Decommissioning Asia Pacific’s offshore assets – nearly 2,600 platforms and 35,000 wells – could cost over $100 billion.
According to Wood Mackenzie’s latest analysis, decommissioning in Asia Pacific appears to be a mammoth task for which the various stakeholders are largely unprepared. Unclear government regulations coupled with a general lack of experience in the region could mean a steep learning curve with high initial costs and potential for mistakes.
Asia upstream analyst Jean-Baptiste Berchoteau, said, “With over 380 fields expecting to cease production in the next decade, the magnitude and cost of work can no longer be ignored. Through learning from global decommissioning projects, the industry can adopt and adapt practices best suited for Asia Pacific’s own set of challenges.”
Wood Mackenzie has identified four key levers to cut costs and decommission Asia Pacific on a budget:
1. Transferring knowledge between regulators, operators and service sector firms
To establish a functional regulatory framework, it would be more efficient to adopt guidelines and processes already in place elsewhere in the U.K. or the Gulf of Mexico, rather than reinventing the wheel. Operators, particularly those with extensive experience in offshore asset retirement, also have a key part to play in helping draft regulations. For instance, Chevron and Shell are already collaborating with Thai and Bruneian regulators respectively through knowledge transfer and pilot project initiatives.
2. Choosing optimal commercial and contracting strategy
Sound project management and pragmatic contracting strategies are critical to avoid cost blowouts. While the majors have the necessary skills in-house, Berchoteau expects other players to use project management companies to help execute the project on a strict timeline and within budget.
The three most common contracting strategies – lump sum, unit cost and day rate – are suited to different levels of risk. The well plug and abandonment phase is usually the riskiest as live hydrocarbons are involved, and there is poor availability of data on well conditions. As such, unit cost contracts, where the contractor performs well plug and abandonment or facility removal at a fixed cost per unit that includes a margin, appear better suited for projects in Asia Pacific.
3. Adopting innovative technologies to cut cost
Innovative approaches have been taken recently to conventional decommissioning with the potential for significant cost savings. For instance, Petronas implemented the rig-to-reef solution on two platforms at the Dana and D-30 fields in Block SK-305 offshore Malaysia in 2017. Rig-to-reef consists of using the decontaminated platform structures to create an artificial reef at a designated location. In addition to being significantly cheaper, rig-to-reef provides an ecofriendly solution for sustaining habitats for marine life. The technique is particularly attractive at water depths of 10 to 30 meters, where reef structures and associated marine life are the most prolific.
4. Achieving economies of scale
On average, well plug and abandonment accounts for half of the decommissioning costs so any cost reduction in this category will have a significant impact – about 30 to 50 percent cost reductions have already been observed in the Gulf of Mexico and the U.K. on rig daily rate or unit rate contracts.
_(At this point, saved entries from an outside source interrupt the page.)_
theorem variance_pmf_of_set_PiE_le:
  fixes f :: "('i \<Rightarrow> 'a) \<Rightarrow> real"
  assumes "finite I" "\<And>i. i \<in> I \<Longrightarrow> finite (S i) \<and> S i \<noteq> {}"
    and "\<And>i g y. i \<in> I \<Longrightarrow> g \<in> PiE I S \<Longrightarrow> y \<in> S i \<Longrightarrow> \<bar>f (g(i:=y)) - f g\<bar> \<le> c i"
  shows "measure_pmf.variance (pmf_of_set (PiE I S)) f \<le> (\<Sum>i\<in>I. (c i)\<^sup>2)"
  using assms
proof (induction I arbitrary: f rule: finite_induct)
  case empty
  show ?case by (simp add: variance_pmf_of_set)
next
  case (insert j I)
  define h where "h = (\<lambda>g. measure_pmf.expectation (pmf_of_set (S j)) (\<lambda>y. f (g(j:=y))))"
  have fin: "finite (PiE I S)" "PiE I S \<noteq> {}"
    using insert.hyps(1) insert.prems(1) by (auto intro!: finite_PiE simp: PiE_eq_empty_iff)
  have "S j \<noteq> {}" "finite (S j)"
    using insert.prems(1) by auto
  have upd_PiE: "g(j:=y) \<in> PiE (insert j I) S" if "g \<in> PiE I S" "y \<in> S j" for g y
    using that by (rule PiE_fun_upd[rotated])
  have "measure_pmf.expectation (pmf_of_set (PiE I S))
          (\<lambda>g. measure_pmf.variance (pmf_of_set (S j)) (\<lambda>y. f (g(j:=y)))) \<le> (c j)\<^sup>2"
  proof (intro expectation_pmf_of_set_le[OF fin] variance_pmf_of_set_le \<open>finite (S j)\<close> \<open>S j \<noteq> {}\<close>)
    fix g y y' assume "g \<in> PiE I S" "y \<in> S j" "y' \<in> S j"
    then show "\<bar>f (g(j:=y)) - f (g(j:=y'))\<bar> \<le> c j"
      using insert.prems(2)[OF insertI1 upd_PiE, of g y' y] by (simp only: fun_upd_upd)
  qed
  moreover have "measure_pmf.variance (pmf_of_set (PiE I S)) h \<le> (\<Sum>i\<in>I. (c i)\<^sup>2)"
  proof (rule insert.IH)
    fix i g z assume "i \<in> I" "g \<in> PiE I S" "z \<in> S i"
    with insert.hyps(2) have "i \<noteq> j" by blast
    have "h (g(i:=z)) - h g = (\<Sum>y\<in>S j. f ((g(j:=y))(i:=z)) - f (g(j:=y))) / card (S j)"
      using \<open>finite (S j)\<close> \<open>S j \<noteq> {}\<close> \<open>i \<noteq> j\<close>
      by (simp add: h_def integral_pmf_of_set sum_subtractf diff_divide_distrib fun_upd_twist)
    also have "\<bar>\<dots>\<bar> \<le> c i"
      using \<open>i \<in> I\<close> \<open>g \<in> PiE I S\<close> \<open>z \<in> S i\<close>
      by (intro abs_mean_le \<open>finite (S j)\<close> \<open>S j \<noteq> {}\<close> insert.prems(2) upd_PiE) auto
    finally show "\<bar>h (g(i:=z)) - h g\<bar> \<le> c i" .
  qed (use insert.prems(1) in auto)
  moreover have "measure_pmf.variance (pmf_of_set (PiE (insert j I) S)) f
       = measure_pmf.expectation (pmf_of_set (PiE I S))
           (\<lambda>g. measure_pmf.variance (pmf_of_set (S j)) (\<lambda>y. f (g(j:=y))))
       + measure_pmf.variance (pmf_of_set (PiE I S)) h"
    unfolding h_def by (rule variance_pmf_of_set_PiE_insert[OF insert.hyps(2,1) insert.prems(1)])
  ultimately show ?case
    using insert.hyps by simp
qed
For areas with a large number of ageing wells and platforms, batch decommissioning offers huge cost-saving opportunities. This approach could be extended further across blocks with different operators, with participants jointly contracting for a larger piece of work, thus reducing per unit costs.
“While the decommissioning situation in Asia Pacific might look grim at the moment, we note that Chevron is taking a proactive approach in the Gulf of Thailand, and we expect the major to set a benchmark for large scale decommissioning costs in the region,” concludes Berchoteau.